Diffraction data of crystals of Symfoil-QG and Symfoil-II were collected using synchrotron radiation sources (λ = 1.00 Å) at beamlines in SPring-8 and KEK, Japan. The crystals were mounted using a nylon cryo-loop (Hampton Research) and were frozen in a liquid-nitrogen stream at 100 K. Diffraction data were collected and indexed, integrated and scaled using the HKL2000 software package (Otwinowski & Minor, 1997[Otwinowski, Z. & Minor, W. (1997). Methods Enzymol. 276, 307-326.]). A molecular replacement search for non-isomorphous space groups was carried out using the program Phaser from the CCP4 suite (McCoy et al., 2007[McCoy, A. J., Grosse-Kunstleve, R. W., Adams, P. D., Winn, M. D., Storoni, L. C. & Read, R. J. (2007). J. Appl. Cryst. 40, 658-674.]; Winn et al., 2011[Winn, M. D., Ballard, C. C., Cowtan, K. D., Dodson, E. J., Emsley, P., Evans, P. R., Keegan, R. M., Krissinel, E. B., Leslie, A. G. W., McCoy, A., McNicholas, S. J., Murshudov, G. N., Pannu, N. S., Potterton, E. A., Powell, H. R., Read, R. J., Vagin, A. & Wilson, K. S. (2011). Acta Cryst. D67, 235-242.]) and coordinates of Symfoil-4P de novo designed protein [Protein Data Bank (PDB) code 3o4d ] as a search model. Model building and visualization was performed using the X-tal View molecular graphics software (McRee, 1992[McRee, D. (1992). J. Mol. Graph. 10, 44-46.]). The PHENIX software package (Zwart et al., 2008[Zwart, P. H., Afonine, P. V., Grosse-Kunstleve, R. W., Hung, L. W., Ioerger, T. R., McCoy, A. J., McKee, E., Moriarty, N. W., Read, R. J., Sacchettini, J. C., Sauter, N. K., Storoni, L. C., Terwilliger, T. C. & Adams, P. D. (2008). Methods Mol. Biol. 426, 419-435.]) and the program REFMAC (Murshudov et al., 2011[Murshudov, G. N., Skubák, P., Lebedev, A. A., Pannu, N. S., Steiner, R. A., Nicholls, R. A., Winn, M. D., Long, F. & Vagin, A. A. (2011). Acta Cryst. D67, 355-367.]) were used for refinement, in which 5% of the data in the reflection files were set aside for Rfree calculations. The ARP/wARP automated procedure was used to add solvent molecules (Lamzin & Wilson, 1993[Lamzin, V. S. & Wilson, K. S. (1993). Acta Cryst. D49, 129-147.]). Atomic models were drawn using the graphics program Pymol (DeLano, 2002[DeLano, W. L. (2002). PyMOL, https://www.pymol.org .]).

3. Results and discussion

Symfoil-II was designed based on the crystal structure of Symfoil-4P to have more perfect sequence repeats as shown in Fig. 1[link]. We first removed three NG (Asn–Gly) sequences by changing Asn58 and Asn100 to Ser or Gln and by deleting the Gly141–Asn142–Gly143 sequence to give a Symfoil-SG or Symfoil-QG, respectively, to protect from deamidation during the crystallization experiments. Then, we added a thrombin cut site and GQG sequence to the N-terminal of the first sequence repeat of Symfoil-QG to make His-Symfoil-II. After the removal of the N-terminal histidine tag of His-Symfoil-II, Symfoil-II will be expected to have three complete sequence repeats in one protein as shown in Fig. 1[link].

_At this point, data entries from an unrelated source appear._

(* A convex hexagon is affine regular if and only if both of the following hold: - all six of its vertex triangles have the same area; - for one of the triangles whose vertices are vertices of the hexagon and which has exactly one side in common with the hexagon (for example the triangle $013$ in the hexagon $012345$), its area is twice the area of a vertex triangle.
   Context: An affine map of the plane is a bijection of the plane that maps collinear points to collinear points. A polygon is affine regular if it is the image of a regular polygon under an affine map, with vertices corresponding in order. For a hexagon with vertices $0,\dots,5$ in cyclic order, the vertex triangles are the triangles with vertices $i-1,i,i+1$ (indices mod $6$). *)

theory Defs
  imports "HOL-Analysis.Analysis"
begin

type_synonym point = "real \<times> real"

text \<open>A hexagon is given by its vertices P 0, ..., P 5 (in cyclic order);
  indices are always taken mod 6.\<close>
type_synonym hexagon = "nat \<Rightarrow> point"

definition cross3 :: "point \<Rightarrow> point \<Rightarrow> point \<Rightarrow> real" where
  "cross3 a b c = (fst b - fst a) * (snd c - snd a) - (fst c - fst a) * (snd b - snd a)"

definition tri_area :: "point \<Rightarrow> point \<Rightarrow> point \<Rightarrow> real" where
  "tri_area a b c = \<bar>cross3 a b c\<bar> / 2"

definition convex_hexagon :: "hexagon \<Rightarrow> bool" where
  "convex_hexagon P \<longleftrightarrow>
     (\<forall>i<6. \<forall>j<6. j \<noteq> i \<and> j \<noteq> (i+1) mod 6 \<longrightarrow> cross3 (P i) (P ((i+1) mod 6)) (P j) > 0) \<or>
     (\<forall>i<6. \<forall>j<6. j \<noteq> i \<and> j \<noteq> (i+1) mod 6 \<longrightarrow> cross3 (P i) (P ((i+1) mod 6)) (P j) < 0)"

definition affine_map :: "(point \<Rightarrow> point) \<Rightarrow> bool" where
  "affine_map f \<longleftrightarrow> bij f \<and>
     (\<forall>a b c. collinear {a, b, c} \<longrightarrow> collinear {f a, f b, f c})"

definition regular_hexagon :: "hexagon \<Rightarrow> bool" where
  "regular_hexagon Q \<longleftrightarrow> (\<exists>c r \<theta> s. r > 0 \<and> (s = 1 \<or> s = -1) \<and>
     (\<forall>k<6. Q k = (fst c + r * cos (\<theta> + s * real k * pi / 3),
                   snd c + r * sin (\<theta> + s * real k * pi / 3))))"

definition affine_regular :: "hexagon \<Rightarrow> bool" where
  "affine_regular P \<longleftrightarrow> (\<exists>f Q. affine_map f \<and> regular_hexagon Q \<and> (\<forall>k<6. P k = f (Q k)))"

definition vertex_tri_area :: "hexagon \<Rightarrow> nat \<Rightarrow> real" where
  "vertex_tri_area P i = tri_area (P ((i + 5) mod 6)) (P (i mod 6)) (P ((i + 1) mod 6))"

end

theory Submission
  imports Defs
begin

(* A hexagon is affine regular iff it has a centre c with P (k+1) = P k + P (k+2) - c, i.e.
   c, P k, P (k+1), P (k+2) span a parallelogram, and c, P 0, P 1 are not collinear: a
   collinearity-preserving bijection of the plane maps parallelograms to parallelograms, and
   conversely an affine chart maps the unit regular hexagon onto every such hexagon.

   If the signed vertex triangles of a convex hexagon all have area K, the edge vectors satisfy
   det2 (e k) (e (k+1)) = K and hence e (k+2) = l k * e (k+1) - e k with l k = det2 (e k) (e (k+2)) / K.
   The triangle P k, P (k+1), P (k+3) has signed area K (1 + l k), which is nonzero by
   convexity; given this, the hexagon closes up only if l k * l (k+1) = 1. The hypothesis on
   the triangle sharing one side with the hexagon gives l k = 1 for one k, hence for all k,
   and then e (k+2) = e (k+1) - e k is the parallelogram condition. *)

definition det2 :: "point \<Rightarrow> point \<Rightarrow> real" where
  "det2 u v = fst u * snd v - snd u * fst v"

lemma cross3_eq_det2: "cross3 a b c = det2 (b - a) (c - a)"
  by (simp add: cross3_def det2_def)

lemma det2_swap: "det2 u v = - det2 v u"
  by (simp add: det2_def)

lemma det2_cramer: "det2 u v *\<^sub>R x = det2 x v *\<^sub>R u + det2 u x *\<^sub>R v"
  by (simp add: det2_def prod_eq_iff algebra_simps)

lemma det2_eq_0_iff: "det2 x y = 0 \<longleftrightarrow> x = 0 \<or> (\<exists>t. y = t *\<^sub>R x)"
proof
  assume det: "det2 x y = 0"
  show "x = 0 \<or> (\<exists>t. y = t *\<^sub>R x)"
  proof (cases "x = 0")
    case False
    define x' where "x' = (- snd x, fst x)"
    have "det2 x x' = (fst x)\<^sup>2 + (snd x)\<^sup>2"
      by (simp add: x'_def det2_def power2_eq_square)
    also have "\<dots> \<noteq> 0"
      using False by (simp add: prod_eq_iff)
    finally have "det2 x x' \<noteq> 0" .
    then have "y = inverse (det2 x x') *\<^sub>R (det2 x x' *\<^sub>R y)"
      by simp
    also have "\<dots> = (det2 y x' / det2 x x') *\<^sub>R x"
      using det2_cramer[of x x' y] det by (simp add: divide_inverse_commute)
    finally show ?thesis by blast
  qed simp
qed (auto simp: det2_def)

lemma collinear_iff_cross3: "collinear {a, b, c} \<longleftrightarrow> cross3 a b c = 0"
proof -
  have "cross3 a b c = - det2 (a - b) (c - b)"
    by (simp add: cross3_def det2_def algebra_simps)
  then show ?thesis
    by (auto simp: collinear_3 collinear_lemma det2_eq_0_iff)
qed

lemma collinear_imp_in_affine_hull_2:
  assumes "x \<in> affine hull {u, v}" "y \<in> affine hull {u, v}" "x \<noteq> y" "collinear {x, y, z}"
  shows "z \<in> affine hull {u, v}"
proof -
  have "affine hull {x, y} \<subseteq> affine hull {u, v}"
    using assms(1,2) by (simp add: hull_minimal)
  then show ?thesis
    using assms(3,4) collinear_3_affine_hull by blast
qed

Symfoil-SG, Symfoil-QG and His-Symfoil-II were prepared after expression using the E. coli expression system. The purity of Symfoil-SG, Symfoil-QG and His-Symfoil-II with N-terminal histidine tag and Symfoil-II without N-terminal histidine tag was confirmed by SDS-PAGE (Fig. 2[link]). The SDS-PAGE showed that the molecular size of His-Symfoil-II (lane 5 and 10) was slightly smaller than those of Symfoil-4P (lane 2 and 7), Symfoil-QG (lane 3 and 8) and Symfoil-SG (lane 4 and 9) because of the removal of the N-terminal YKK sequence. After removal of the histidine tag, Symfoil-II became smaller than other Symfoils as seen in lane 11 with heat treatment. Without heat treatment, Symfoil-II looked extremely large (similar size to its dimer), suggesting that Symfoil-II might form a larger complex. To identify the actual molecular size of Symfoil-II, the molecular size was evaluated by gel filtration equipped with a multi-angle light-scattering detector. The molecular weight of Symfoil-II was, however, estimated to be 14 × 103, which is similar to the theoretical value (13932) for the monomeric Symfoil-II calculated from its primary structure. Although the mechanism for the size shift seen in SDS PAGE is still unclear, stabilization of Symfoil-II against the denaturation by SDS may be a part of the reason why this band shifts. Further assay of the melting experiment is under way.

[Figure 2]
Figure 2
SDS-PAGE analysis of the purified Symfoil proteins. From lanes 2 to 6, the sample is not boiled before loading. From lanes 7 to 11, the sample is boiled before loading. Symfoil-4P: lanes 2 and 7; Symfoil-SG: lanes 3 and 8; Symfoil-QG: lanes 4 and 9; His-Symfoil-II: lanes 5 and 10; Symfoil-II: lanes 6 and 11. Protein size markers of Mark12 (Life Technologies) are shown in lanes 1 and 12.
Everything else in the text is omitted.